* TASK PROMPT *
Starting with the line that contains "by (intro unique[of", set down each line through the end of the entries below, exactly and with nothing added.

* DATA FOR THIS TASK *
* * *

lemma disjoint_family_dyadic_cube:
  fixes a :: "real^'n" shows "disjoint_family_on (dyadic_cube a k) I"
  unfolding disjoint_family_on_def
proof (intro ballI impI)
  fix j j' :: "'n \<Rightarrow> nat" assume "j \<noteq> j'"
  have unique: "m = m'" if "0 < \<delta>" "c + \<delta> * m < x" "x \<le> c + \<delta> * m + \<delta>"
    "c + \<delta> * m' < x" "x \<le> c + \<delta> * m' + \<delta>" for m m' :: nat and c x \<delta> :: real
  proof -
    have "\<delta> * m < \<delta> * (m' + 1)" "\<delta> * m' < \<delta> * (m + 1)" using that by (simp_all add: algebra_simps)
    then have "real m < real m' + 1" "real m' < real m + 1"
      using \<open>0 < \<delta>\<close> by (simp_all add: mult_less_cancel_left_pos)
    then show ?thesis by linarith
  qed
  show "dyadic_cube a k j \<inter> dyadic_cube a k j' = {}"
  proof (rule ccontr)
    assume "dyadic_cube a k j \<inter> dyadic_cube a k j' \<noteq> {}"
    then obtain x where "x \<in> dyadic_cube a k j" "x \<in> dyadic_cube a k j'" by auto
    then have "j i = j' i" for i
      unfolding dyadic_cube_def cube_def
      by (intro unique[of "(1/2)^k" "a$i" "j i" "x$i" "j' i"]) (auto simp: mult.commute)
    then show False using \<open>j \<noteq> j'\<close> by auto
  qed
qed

* * *

* RESPONSE TO THIS TASK *
      by (intro unique[of "(1/2)^k" "a$i" "j i" "x$i" "j' i"]) (auto simp: mult.commute)
    then show False using \<open>j \<noteq> j'\<close> by auto
  qed
qed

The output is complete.